──────── INFORMATION SUPPLIED
(* Let $q=2^n$, let $B$ be a $k$-subset of $\mathrm{GF}(q)$ with $k\ge3$, and let $\mathcal B=\mathrm{GA}_1(q)(B)$. Then the following are equivalent: (1) $(\mathrm{GF}(q),\mathcal B)$ is a $3$-design; (2) $\sum_{x,y\in\mathrm{GF}(q)}(-1)^{f_B(x)+f_B(y)+f_B(ux+(1+u)y)}$ is independent of $u\in\mathrm{GF}(q)\setminus\mathrm{GF}(2)$; (3) $\sum_{\alpha\in\mathrm{GF}(q)}\hat f_B(\alpha)\hat f_B(u\alpha)\hat f_B((1+u)\alpha)$ is independent of $u\in\mathrm{GF}(q)\setminus\mathrm{GF}(2)$; (4) $N_B(u,1+u,1)$ is independent of $u\in\mathrm{GF}(q)\setminus\mathrm{GF}(2)$.
   Context: $\mathrm{Tr}$ is the absolute trace $\mathrm{GF}(2^n)\to\mathrm{GF}(2)$. $f_B$ is the characteristic function of $B$ as a Boolean function, and $\hat f(\mu)=\sum_{x\in\mathrm{GF}(2^n)}(-1)^{f(x)+\mathrm{Tr}(\mu x)}$ is the Walsh transform. $N_B(a,b,c)$ is the number of triples $(x,y,z)\in B^3$ with $ax+by+cz=0$. $\mathrm{GA}_1(q)$ is the group of permutations $x\mapsto ax+b$ of $\mathrm{GF}(q)$ with $a\ne0$; $\mathrm{GA}_1(q)(B)=\{\pi(B):\pi\in\mathrm{GA}_1(q)\}$. A pair $(\mathcal P,\mathcal B)$ with $\mathcal B$ a set of $k$-subsets of $\mathcal P$ is a $3$-design if every $3$-subset of $\mathcal P$ lies in exactly $\lambda$ members of $\mathcal B$ for some constant $\lambda$. *)

theory Defs
  imports Main
begin

text \<open>GF(2^n) is modelled by a finite field type 'a with card UNIV = 2^n.\<close>

definition abs_trace :: "nat \<Rightarrow> 'a::{field,finite} \<Rightarrow> 'a" where
  "abs_trace n x = (\<Sum>i<n. x ^ (2 ^ i))"

text \<open>(-1)^(Tr x), the trace taking values 0 or 1 in GF(2) viewed inside 'a.\<close>
definition sgn_tr :: "nat \<Rightarrow> 'a::{field,finite} \<Rightarrow> int" where
  "sgn_tr n x = (if abs_trace n x = 0 then 1 else -1)"

text \<open>(-1)^(f_B x), f_B the characteristic function of B.\<close>
definition sgn_char :: "'a set \<Rightarrow> 'a \<Rightarrow> int" where
  "sgn_char B x = (if x \<in> B then -1 else 1)"

definition walsh :: "nat \<Rightarrow> 'a::{field,finite} set \<Rightarrow> 'a \<Rightarrow> int" where
  "walsh n B \<mu> = (\<Sum>x\<in>UNIV. sgn_char B x * sgn_tr n (\<mu> * x))"

definition N_B :: "'a::{field,finite} set \<Rightarrow> 'a \<Rightarrow> 'a \<Rightarrow> 'a \<Rightarrow> nat" where
  "N_B B a b c = card {(x, y, z). x \<in> B \<and> y \<in> B \<and> z \<in> B \<and> a * x + b * y + c * z = 0}"

definition GA1_orbit :: "'a::{field,finite} set \<Rightarrow> 'a set set" where
  "GA1_orbit B = {(\<lambda>x. a * x + b) ` B | a b. a \<noteq> 0}"

definition is_3_design :: "'a set \<Rightarrow> 'a set set \<Rightarrow> nat \<Rightarrow> bool" where
  "is_3_design P Bs k \<longleftrightarrow> (\<forall>b\<in>Bs. b \<subseteq> P \<and> card b = k) \<and>
     (\<exists>lam. \<forall>T. T \<subseteq> P \<and> card T = 3 \<longrightarrow> card {b\<in>Bs. T \<subseteq> b} = lam)"

definition indep_of_u :: "('a::{field,finite} \<Rightarrow> 'b) \<Rightarrow> bool" where
  "indep_of_u F \<longleftrightarrow> (\<exists>c. \<forall>u. u \<notin> {0, 1} \<longrightarrow> F u = c)"

end

(*
  Both the design property and the three sums reduce to one count. An affine map sends a block
  over a triple T = {t1, t2, t3} exactly when it sends its preimages into B, and affine maps
  are determined by where they send two points; hence the number of blocks through T, times
  the order of the stabiliser of B, is the number of pairs (x, y) of distinct points of B with
  y + u (x - y) in B, where u = (t3 - t1) / (t2 - t1) ranges over GF(q) - GF(2). In
  characteristic 2 this point is u x + (1 + u) y, so the count is N_B(u, 1 + u, 1) - k.
  Writing (-1)^(f_B) = 1 - 2 [. \<in> B] expresses the sign sum (2) as an affine function of
  N_B(u, 1 + u, 1), and the orthogonality of the additive characters (-1)^(Tr(\<alpha> x)) turns
  the Walsh sum (3) into q times the sign sum.
*)
theory Submission
  imports Defs "HOL-Number_Theory.Residues" "HOL-Computational_Algebra.Polynomial"
begin

section \<open>Sign sums and solution counts\<close>

lemma sum_of_bool_affine_mem:
  fixes B :: "'a::{field,finite} set"
  assumes "c \<noteq> 0"
  shows "(\<Sum>y\<in>UNIV. of_bool (c * y + a \<in> B)) = (of_nat (card B) :: 'b::semiring_1)"
proof -
  have "(\<Sum>y\<in>UNIV. of_bool (c * y + a \<in> B)) = (\<Sum>y\<in>UNIV. of_bool (y \<in> B) :: 'b)"
    by (rule sum.reindex_bij_witness[of _ "\<lambda>y. (y - a) / c" "\<lambda>y. c * y + a"]) (use assms in auto)
  then show ?thesis
    by simp
qed

lemma card_pairs_eq_sum:
  fixes B :: "'a::finite set"
  shows "int (card {(x, y) \<in> B \<times> B. P x y}) =
   (\<Sum>x\<in>UNIV. \<Sum>y\<in>UNIV. of_bool (x \<in> B) * of_bool (y \<in> B) * of_bool (P x y))"
proof -
  have "{(x, y) \<in> B \<times> B. P x y} = Sigma B (\<lambda>x. B \<inter> {y. P x y})"
    by auto
  then have "int (card {(x, y) \<in> B \<times> B. P x y}) = (\<Sum>x\<in>B. int (card (B \<inter> {y. P x y})))"
    by (simp add: card_SigmaI)
  also have "\<dots> = (\<Sum>x\<in>B. \<Sum>y\<in>B. of_bool (P x y))"
    by simp
  also have "\<dots> = (\<Sum>x\<in>UNIV. of_bool (x \<in> B) * (\<Sum>y\<in>UNIV. of_bool (y \<in> B) * of_bool (P x y)))"
    by (simp only: sum_of_bool_mult_eq finite_UNIV Int_UNIV_left Collect_mem_eq)
  finally show ?thesis
    by (simp only: sum_distrib_left mult.assoc)
qed

lemma sgn_char_eq: "sgn_char B x = 1 - 2 * of_bool (x \<in> B)"
  by (simp add: sgn_char_def)

text \<open>Expanding the product of the three signs 1 - 2[\<cdot> \<in> B], every sum except the triple one
  is determined by q and k because x, y and u x + v y are pairwise independent coordinates.\<close>
lemma sum_sgn_char_triple:
  fixes B :: "'a::{field,finite} set"
  assumes "u \<noteq> 0" and "v \<noteq> 0"
  defines "q \<equiv> int (card (UNIV :: 'a set))" and "k \<equiv> int (card B)"
  shows "(\<Sum>x\<in>UNIV. \<Sum>y\<in>UNIV. sgn_char B x * sgn_char B y * sgn_char B (u * x + v * y)) =
    q ^ 2 - 6 * q * k + 12 * k ^ 2 - 8 * int (card {(x, y) \<in> B \<times> B. u * x + v * y \<in> B})"
proof -
  define I :: "'a \<Rightarrow> int" where "I x = of_bool (x \<in> B)" for x
  have sum_I: "(\<Sum>x\<in>UNIV. I x) = k"
    by (simp add: I_def k_def)
  have sum_I_x: "(\<Sum>x\<in>UNIV. I (u * x + v * y)) = k" for y
    unfolding I_def k_def using sum_of_bool_affine_mem[OF assms(1), of "v * y" B] .
  have sum_I_y: "(\<Sum>y\<in>UNIV. I (u * x + v * y)) = k" for x
    unfolding I_def k_def using sum_of_bool_affine_mem[OF assms(2), of "u * x" B] by (simp only: add.commute)
  have "(\<Sum>x\<in>UNIV. \<Sum>y\<in>UNIV. sgn_char B x * sgn_char B y * sgn_char B (u * x + v * y)) =
    (\<Sum>x\<in>UNIV. \<Sum>y\<in>UNIV. 1 - 2 * I x - 2 * I y - 2 * I (u * x + v * y)
       + 4 * (I x * I y) + 4 * (I x * I (u * x + v * y)) + 4 * (I y * I (u * x + v * y))
       - 8 * (I x * I y * I (u * x + v * y)))"
    by (intro sum.cong refl) (simp add: sgn_char_eq I_def algebra_simps)
  also have "\<dots> = q ^ 2 - 2 * (q * k) - 2 * (q * k) - 2 * (q * k) + 4 * k ^ 2 + 4 * k ^ 2 + 4 * k ^ 2
      - 8 * (\<Sum>x\<in>UNIV. \<Sum>y\<in>UNIV. I x * I y * I (u * x + v * y))"
  proof -
    have "(\<Sum>x\<in>(UNIV :: 'a set). \<Sum>y\<in>(UNIV :: 'a set). 1 :: int) = q ^ 2"
      by (simp add: q_def power2_eq_square)
    moreover have "(\<Sum>x\<in>UNIV. \<Sum>y\<in>(UNIV :: 'a set). I x) = q * k"
      by (simp add: q_def sum_I flip: sum_distrib_left)
    moreover have "(\<Sum>x\<in>(UNIV :: 'a set). \<Sum>y\<in>UNIV. I y) = q * k"
      by (simp add: q_def sum_I)
    moreover have "(\<Sum>x\<in>UNIV. \<Sum>y\<in>UNIV. I (u * x + v * y)) = q * k"
      by (simp add: q_def sum_I_y)
    moreover have "(\<Sum>x\<in>UNIV. \<Sum>y\<in>UNIV. I x * I y) = k ^ 2"
      by (simp add: sum_I power2_eq_square flip: sum_distrib_left sum_distrib_right)
    moreover have "(\<Sum>x\<in>UNIV. \<Sum>y\<in>UNIV. I x * I (u * x + v * y)) = k ^ 2"
      by (simp add: sum_I sum_I_y power2_eq_square flip: sum_distrib_left sum_distrib_right)
    moreover have "(\<Sum>x\<in>UNIV. \<Sum>y\<in>UNIV. I y * I (u * x + v * y)) = k ^ 2"
      by (subst sum.swap) (simp add: sum_I sum_I_x power2_eq_square flip: sum_distrib_left sum_distrib_right)
    ultimately show ?thesis
      by (simp only: sum.distrib sum_subtractf flip: sum_distrib_left)
  qed
  also have "(\<Sum>x\<in>UNIV. \<Sum>y\<in>UNIV. I x * I y * I (u * x + v * y)) =
      int (card {(x, y) \<in> B \<times> B. u * x + v * y \<in> B})"
    unfolding card_pairs_eq_sum I_def ..
  finally show ?thesis
    by (simp add: algebra_simps power2_eq_square)
qed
────────────────
ABOUT THIS TASK: Working from the material above, restate word for word the lines between the line with "(\<Sum>x\<in>UNIV. sgn_char B" and the line with "y, z). x \<in>", both included, and only those.

SOLUTION:
  "walsh n B \<mu> = (\<Sum>x\<in>UNIV. sgn_char B x * sgn_tr n (\<mu> * x))"

definition N_B :: "'a::{field,finite} set \<Rightarrow> 'a \<Rightarrow> 'a \<Rightarrow> 'a \<Rightarrow> nat" where
  "N_B B a b c = card {(x, y, z). x \<in> B \<and> y \<in> B \<and> z \<in> B \<and> a * x + b * y + c * z = 0}"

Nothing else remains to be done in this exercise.